Homework Hints and Additional Questions:


Schedule of Events:

Note: The E identifies exercises and the P problems.

Event Date Prob. Set Due Hand-in Problems Other Problems
PS #1 9/5 Engel: 1.10, 7.3, 7.15, 1A , 1B any/all of the exercizes
PS #2 9/17 2.17, 2.23, 2.24, 2.28, 2.30
Exam 1 10/5 PS #3 10/1 P3.2, P3.11, P4.5, P4.15, 3A
PS #4 10/22 P5.7, P5.8, P5.18,5A(20 pts, plot required)
PS #5 10/29 P6.2, P6.7, P6.11, P7.23, 6A(20 pts, plot required)
Exam 2 11/14 PS #6 11/7 P6.28, P6.29, 6B, P8.8 (plot data), P8.13, P8.34
PS #7 11/30 9.2, 9.14, 9.23, and 9.27
Exam 3 Monday 10:30 PS #8 11/30 will accept till 12/5 10.2, 10.18, 10.22, 11.2, 11.10, 11.27 10.8
PS #9

Problem 1A. A mixture of hydrogen and ammonia at STP has a volume of 153.2 ml. The ammonia is liquefied by placing the gas in a bath of liquid nitrogen, and the remaining gas drawn off. When the remaining gas is heated back to STP, it had a volume of 98.7 ml. Calculate the mole fraction of ammonia using Amagat's law.

Problem 1B. For the following data for ethane at 700 K, determine the second and third virial coefficients. (hopefully the columns will line up).

P(MPa) 	1.0	2.0	3.0	4.0	6.0	8.0	10.0
z	 0.9998	0.9986	0.9975	0.9962	0.9962	0.9972	0.9993

When you plot the data, label the axes, title the plot, get rid of the gray (default background), do not connect the points, and draw a "best fit" curve to the data.

 

Problem 3A. Calculate the temperature change for nitrogen, originally at 25 bar and 273 K, expanding in a Joule-Thomson apparatus to 1 bar.

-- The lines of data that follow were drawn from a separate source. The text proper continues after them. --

lemma append_mem_prefix_suffix_words:
  assumes "set w \<subseteq> \<Omega>" and u: "u \<in> sole_suffix_words \<Omega> w m"
    and c: "c \<in> overlap_free_letters \<Omega> w u"
  shows "w @ [c] @ u \<in> prefix_suffix_words \<Omega> w (length w + 1 + m)"
proof -
  have "length w \<le> m" and u_occ: "\<And>i. occurs_at w u i \<longleftrightarrow> i = m - length w"
    and "u \<in> lists \<Omega>" and "length u = m" using u by (auto simp: sole_suffix_words_def)
  have "occurs_at w (w @ [c] @ u) i \<longleftrightarrow> i = 0 \<or> i = m + 1" for i
  proof -
    consider "i = 0" | "1 \<le> i" "i \<le> length w" | "length w < i"
      by linarith
    then show ?thesis
    proof cases
      case 2
      then show ?thesis using c \<open>length w \<le> m\<close> by (auto simp: overlap_free_letters_def)
    next
      case 3
      have "occurs_at w (w @ [c] @ u) i \<longleftrightarrow> occurs_at w u (i - length w - 1)"
        using occurs_at_append_iff[of w "w @ [c]" u "i - length w - 1"] 3 by simp
      also have "\<dots> \<longleftrightarrow> i - length w - 1 = m - length w" by (rule u_occ)
      also have "\<dots> \<longleftrightarrow> i = m + 1" using 3 \<open>length w \<le> m\<close> by arith
      finally show ?thesis using 3 by simp
    qed (simp add: occurs_at_def)
  qed
  moreover have "w @ [c] @ u \<in> lists \<Omega>"
    using assms(1) c \<open>u \<in> lists \<Omega>\<close> by (auto simp: overlap_free_letters_def)
  ultimately show ?thesis
    using \<open>length u = m\<close> unfolding prefix_suffix_words_def by simp
qed

lemma card_prefix_suffix_words_ge:
  assumes "finite \<Omega>" "set w \<subseteq> \<Omega>"
  shows "(card \<Omega> - 1) * card (sole_suffix_words \<Omega> w m)
    \<le> card (prefix_suffix_words \<Omega> w (length w + 1 + m))"
proof -
  let ?S = "sole_suffix_words \<Omega> w m" and ?G = "overlap_free_letters \<Omega> w"
  have "(card \<Omega> - 1) * card ?S \<le> (\<Sum>u\<in>?S. card (?G u))"
    using sum_mono[of ?S "\<lambda>_. card \<Omega> - 1" "\<lambda>u. card (?G u)"]
      card_overlap_free_letters[OF assms(1)]
    by (simp add: mult.commute)
  also have "\<dots> = card (Sigma ?S ?G)"
    using assms(1) by (simp add: finite_sole_suffix_words overlap_free_letters_def)
  also have "\<dots> = card ((\<lambda>(u, c). w @ [c] @ u) ` Sigma ?S ?G)"
    by (rule card_image[symmetric]) (auto simp: inj_on_def)
  also have "\<dots> \<le> card (prefix_suffix_words \<Omega> w (length w + 1 + m))"
    using append_mem_prefix_suffix_words[OF assms(2)]
    by (intro card_mono finite_prefix_suffix_words assms(1)) auto
  finally show ?thesis .
qed

theorem corollary4p2:
  fixes \<Omega> :: "'a set" and w :: "'a list" and k n :: nat
  assumes "finite \<Omega>" and "card \<Omega> \<ge> 2"
    and "set w \<subseteq> \<Omega>" and "length w = k"
    and "n > k + 1"
  shows "H_w \<Omega> w n \<ge> (int (card \<Omega>) - 1) * int (h_w \<Omega> w (n - k - 1))"
proof -
  have n: "n = length w + 1 + (n - k - 1)" using assms(4,5) by simp
  have "(int (card \<Omega>) - 1) * int (h_w \<Omega> w (n - k - 1))
      = int ((card \<Omega> - 1) * card (sole_suffix_words \<Omega> w (n - k - 1)))"
    using assms(2) by (simp add: h_w_eq_card_sole_suffix_words of_nat_diff)
  also have "\<dots> \<le> int (card (prefix_suffix_words \<Omega> w n))"
    unfolding of_nat_le_iff
    using card_prefix_suffix_words_ge[OF assms(1,3), of "n - k - 1"] n by simp
  also have "\<dots> = H_w \<Omega> w n"
    using H_w_eq_card_prefix_suffix_words[OF assms(1)] assms(4,5) by simp
  finally show ?thesis .
qed

end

Problem 5A. Use the data below to calculate the standard entropy of ammonia at 298 K (units are in cal or cal/K, all for one mol).
T (K) C(p,m,solid)
15 0.175
20 0.368
30 1.033
40 1.841
50 2.663
60 3.474
70 4.232
80 4.954
90 5.612
100 6.246
110 6.877
120 7.497
130 8.120
140 8.699
150 9.272
160 9.846
170 10.42
180 11.03
190 11.71
195.42 11.98
Other Data

melts at 195.42 K

ΔH(fusion) = 1351.6

C(p,m,liq)= 17.89 (ave)

boils at 239.74 K

ΔH(vap) = 5581
T(K) C(p,m,gas)
239.74 8.36
298.15 8.49

Problem 6A. Calculalate the fugacity coefficients of methane at 100, 500, and 1000 atm (plot the appropriate plot) at T=203K for which the data below are given.
P (atm) Z
1 0.9940
10 0.9370
20 0.8683
30 0.7928
40 0.7034
50 0.5936
60 0.3429
100 0.3767
120 0.4259
140 0.4753
160 0.5252
180 0.5752
200 0.6246
250 0.7468
300 0.8663
400 1.0980
500 1.3236
600 1.5409
800 1.9626
1000 2.3684

Problem 6B.

For the Dang function, D = A - FL where F is the force and L is the length of an elastomer.
i. What are the Maxwell relationships for this function?
ii. What is the change in entropy if the force on an elastomer is doubled at constant temperature in terms of a, b, Lo, and T? The length of the elastomer is given as L = Lo(1 - b/T) where T is the temperature, "b" is a constant, and Lo is the length of the unstretched elastomer. Note - the length of Lo depends on temperature. Let a = (dLo/dT).


Please check out the "other problems", plus any others you may want. Most of them are good practice.